1.2. Schedules A, B and C.
1.2.1. Schedules A, B and C of the Agreement shall be amended in their entirety to read as set forth in such Schedules hereto, respectively. Upon the First Closing under the Unit Purchase Agreement, by executing and delivering this Amendment, each of FSEP V, FSA V and Xxxxx Xxxxxxxx shall hereby become a party to, and agrees to be bound and comply with the provisions of the Agreement, as amended hereby, as a “Member” as that term is defined in the Agreement, as if the undersigned had entered into the Agreement, as amended, as an original party thereto in the capacity of a “Member,” including, without limitation, for purposes of making the representations set forth in Article XII of the Agreement, provided that the representation in Section 12.01(n) does not apply to the Unit Purchase Agreement which FS may rely upon, to the extent permitted thereunder, in connection with its purchase of Units, and FSA V does not make the representation that it is a Qualified Purchaser pursuant to Section 12.01(f).
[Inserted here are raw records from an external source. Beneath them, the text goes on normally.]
lemma implied_bound_has_certificate:
  fixes A :: "'i::finite \<Rightarrow> 'k::finite \<Rightarrow> 'a::linordered_field"
  assumes w0: "lp_feasible A b w0"
    and implied: "\<And>w. lp_feasible A b w \<Longrightarrow> d \<le> (\<Sum>k\<in>UNIV. c k * w k)"
  shows "\<exists>y. (\<forall>i. 0 \<le> y i) \<and> (\<forall>k. (\<Sum>i\<in>UNIV. A i k * y i) \<le> c k) \<and> d \<le> (\<Sum>i\<in>UNIV. b i * y i)"
proof (rule ccontr)
  assume no_certificate: "\<not> ?thesis"
  \<comment> \<open>the dual system y \<ge> 0, transpose(A) y \<le> c, b\<cdot>y \<ge> d, one inequality per index\<close>
  define gen :: "('i + 'k) option \<Rightarrow> ('i \<Rightarrow> 'a) \<times> 'a" where
    "gen = case_option (b, d)
             (case_sum (\<lambda>i. (\<lambda>j. if j = i then 1 else 0, 0)) (\<lambda>k. (\<lambda>i. - A i k, - c k)))"
  have "\<nexists>y. \<forall>g\<in>UNIV. ineq_holds UNIV y (gen g)"
  proof
    assume "\<exists>y. \<forall>g\<in>UNIV. ineq_holds UNIV y (gen g)"
    then obtain y where y: "\<And>g. ineq_holds UNIV y (gen g)" by blast
    have "0 \<le> y i" for i
      using y[of "Some (Inl i)"] by (simp add: gen_def ineq_holds_def sum_unit_vector_mult)
    moreover have "(\<Sum>i\<in>UNIV. A i k * y i) \<le> c k" for k
      using y[of "Some (Inr k)"] by (simp add: gen_def ineq_holds_def sum_negf)
    moreover have "d \<le> (\<Sum>i\<in>UNIV. b i * y i)"
      using y[of None] by (simp add: gen_def ineq_holds_def)
    ultimately show False using no_certificate by blast
  qed
  then obtain l where l: "\<forall>g. 0 \<le> l g" "\<forall>j. (\<Sum>g\<in>UNIV. l g * fst (gen g) j) = 0"
    "0 < (\<Sum>g\<in>UNIV. l g * snd (gen g))"
    using infeasible_imp_nonneg_multipliers[of UNIV UNIV gen] by auto
  define z where "z k = l (Some (Inr k))" for k
  have "l None * d \<le> (\<Sum>k\<in>UNIV. c k * z k)"
  proof (rule implied_bound_homogeneous[OF w0 implied])
    show "\<forall>k. 0 \<le> z k" "0 \<le> l None" using l(1) unfolding z_def by simp_all
    show "\<forall>j. l None * b j \<le> (\<Sum>k\<in>UNIV. A j k * z k)"
    proof
      fix j
      have "0 = (\<Sum>g\<in>UNIV. l g * fst (gen g) j)" using l(2) by simp
      also have "\<dots> = l None * b j + l (Some (Inl j)) - (\<Sum>k\<in>UNIV. A j k * z k)"
        by (simp add: sum_UNIV_option_Plus gen_def z_def sum_unit_vector_mult sum_negf mult.commute)
      finally show "l None * b j \<le> (\<Sum>k\<in>UNIV. A j k * z k)"
        using l(1) by (metis add_increasing2 eq_iff_diff_eq_0 order_refl)
    qed
  qed
  moreover have "(\<Sum>g\<in>UNIV. l g * snd (gen g)) = l None * d - (\<Sum>k\<in>UNIV. c k * z k)"
    by (simp add: sum_UNIV_option_Plus gen_def z_def sum_negf mult.commute)
  ultimately show False using l(3) by simp
qed

theorem affine_farkas:
  fixes A :: "'i::finite \<Rightarrow> 'k::finite \<Rightarrow> 'a::linordered_field"
  assumes "\<exists>w. lp_feasible A b w"
  shows "(\<forall>w. lp_feasible A b w \<longrightarrow> d \<le> (\<Sum>k\<in>UNIV. c k * w k)) \<longleftrightarrow>
         (\<exists>y. (\<forall>i. 0 \<le> y i) \<and> (\<forall>k. (\<Sum>i\<in>UNIV. A i k * y i) \<le> c k) \<and> d \<le> (\<Sum>i\<in>UNIV. b i * y i))"
    (is "?implied \<longleftrightarrow> ?certified")
proof
  assume ?implied
  from assms obtain w0 where "lp_feasible A b w0" ..
  from implied_bound_has_certificate[OF this] \<open>?implied\<close> show ?certified by blast
next
  assume ?certified
  then obtain y where "\<forall>i. 0 \<le> y i" "\<forall>k. (\<Sum>i\<in>UNIV. A i k * y i) \<le> c k" "d \<le> (\<Sum>i\<in>UNIV. b i * y i)"
    by blast
  from certificate_bounds_objective[OF this] show ?implied by blast
qed

lemma ratmat_mult_vec_nth: "(ratmat A *v w) $ i = (\<Sum>k\<in>UNIV. of_int (A $ i $ k) * w $ k)"
  by (simp add: matrix_vector_mult_def ratmat_def)

lemma transpose_ratmat_mult_vec_nth:
  "(transpose (ratmat A) *v y) $ k = (\<Sum>i\<in>UNIV. of_int (A $ i $ k) * y $ i)"
  by (simp add: matrix_vector_mult_def transpose_def ratmat_def mult.commute)

lemma vcat_nth [simp]: "vcat v w $ Inl i = v $ i" "vcat v w $ Inr j = w $ j"
  by (simp_all add: vcat_def)

lemma all_vcat_iff:
  fixes P :: "('n::finite + 'k::finite \<Rightarrow> 'a) \<Rightarrow> bool"
  shows "(\<forall>x x'. P (vec_nth (vcat x x'))) \<longleftrightarrow> (\<forall>w. P w)"
proof (intro iffI allI)
  fix w :: "'n + 'k \<Rightarrow> 'a"
  assume "\<forall>x x'. P (vec_nth (vcat x x'))"
  moreover have "vec_nth (vcat (\<chi> i. w (Inl i)) (\<chi> i. w (Inr i))) = w"
    by (simp add: fun_eq_iff split_sum_all)
  ultimately show "P w" by metis
qed simp

lemma ex_vcat_iff:
  fixes P :: "('n::finite + 'k::finite \<Rightarrow> 'a) \<Rightarrow> bool"
  shows "(\<exists>x x'. P (vec_nth (vcat x x'))) \<longleftrightarrow> (\<exists>w. P w)"
  using all_vcat_iff[of "Not \<circ> P"] by auto

lemma vnonneg_vcat: "vnonneg (vcat x x') \<longleftrightarrow> vnonneg x \<and> vnonneg x'"
  unfolding vnonneg_def split_sum_all by simp

lemma constr_vcat_lp_feasible:
  "vnonneg x \<and> vnonneg x' \<and> constr A b x x' \<longleftrightarrow>
   lp_feasible (\<lambda>i k. of_int (A $ i $ k)) (\<lambda>i. of_int (b $ i)) (vec_nth (vcat x x'))"
  unfolding conj_assoc[symmetric] vnonneg_vcat[symmetric]
  by (simp add: lp_feasible_def vnonneg_def constr_def vle_def ratvec_def ratmat_mult_vec_nth)

lemma sum_vcat_neg_mult_vcat:
  "(\<Sum>k\<in>UNIV. vcat \<mu> (- \<mu>) $ k * vcat x x' $ k) =
   (\<Sum>i\<in>UNIV. \<mu> $ i * x $ i) - (\<Sum>i\<in>UNIV. \<mu> $ i * x' $ i)"
  for \<mu> x x' :: "'a::comm_ring^'n::finite"
  by (simp add: sum_UNIV_Plus sum_negf)

lemma plrf_iff:
  fixes A :: "int^('n::finite + 'n)^'m::finite" and b :: "int^'m"
  shows "\<mu> \<in> plrf A b \<longleftrightarrow> vnonneg \<mu> \<and>
     (\<forall>w. lp_feasible (\<lambda>i k. of_int (A $ i $ k)) (\<lambda>i. of_int (b $ i)) w \<longrightarrow>
        1 \<le> (\<Sum>k\<in>UNIV. vcat \<mu> (- \<mu>) $ k * w k))"
  unfolding plrf_def mem_Collect_eq constr_vcat_lp_feasible sum_vcat_neg_mult_vcat[symmetric]
  by (rule arg_cong[OF all_vcat_iff])

lemma svg_iff:
  fixes A :: "int^('n::finite + 'n)^'m::finite" and b :: "int^'m"
  shows "\<mu> \<in> svg A b \<longleftrightarrow> vnonneg \<mu> \<and>
     (\<exists>y. (\<forall>i. 0 \<le> y i) \<and> (\<forall>k. (\<Sum>i\<in>UNIV. of_int (A $ i $ k) * y i) \<le> vcat \<mu> (- \<mu>) $ k)
        \<and> 1 \<le> (\<Sum>i\<in>UNIV. of_int (b $ i) * y i))"
proof -
  have "(\<exists>y :: rat^'m. P (vec_nth y)) \<longleftrightarrow> (\<exists>y. P y)" for P
    by (metis vec_lambda_inverse UNIV_I)
  then show ?thesis
    unfolding svg_def mem_Collect_eq vnonneg_def vle_def transpose_ratmat_mult_vec_nth ratvec_def
      vec_lambda_beta
    by (rule arg_cong)
qed

theorem theorem1:
  fixes A :: "int^('n::finite + 'n)^('m::finite)" and b :: "int^'m"
  assumes "\<exists>x x' :: rat^'n. vnonneg x \<and> vnonneg x' \<and> constr A b x x'"
  shows "plrf A b = svg A b"
proof (rule set_eqI)
  fix \<mu>
  have "\<exists>w :: 'n + 'n \<Rightarrow> rat. lp_feasible (\<lambda>i k. of_int (A $ i $ k)) (\<lambda>i. of_int (b $ i)) w"
    using assms unfolding constr_vcat_lp_feasible ex_vcat_iff .
  from affine_farkas[OF this, of 1 "\<lambda>k. vcat \<mu> (- \<mu>) $ k"]
  show "\<mu> \<in> plrf A b \<longleftrightarrow> \<mu> \<in> svg A b"
    unfolding plrf_iff svg_iff by (rule arg_cong)
qed

end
1.3. Section 3.06 of the Agreement shall be amended to add the following at the end of said Section:
The Members hereby acknowledge and agree that CAC, Trimaran Fund Management, L.L.C. and Xxxxxxx Xxxxxx & Co. V, L.P. will enter into an Amendment No. 1 to Monitoring and Management Agreement (the “Management Agreement”), the form of which is attached as Schedule D hereto.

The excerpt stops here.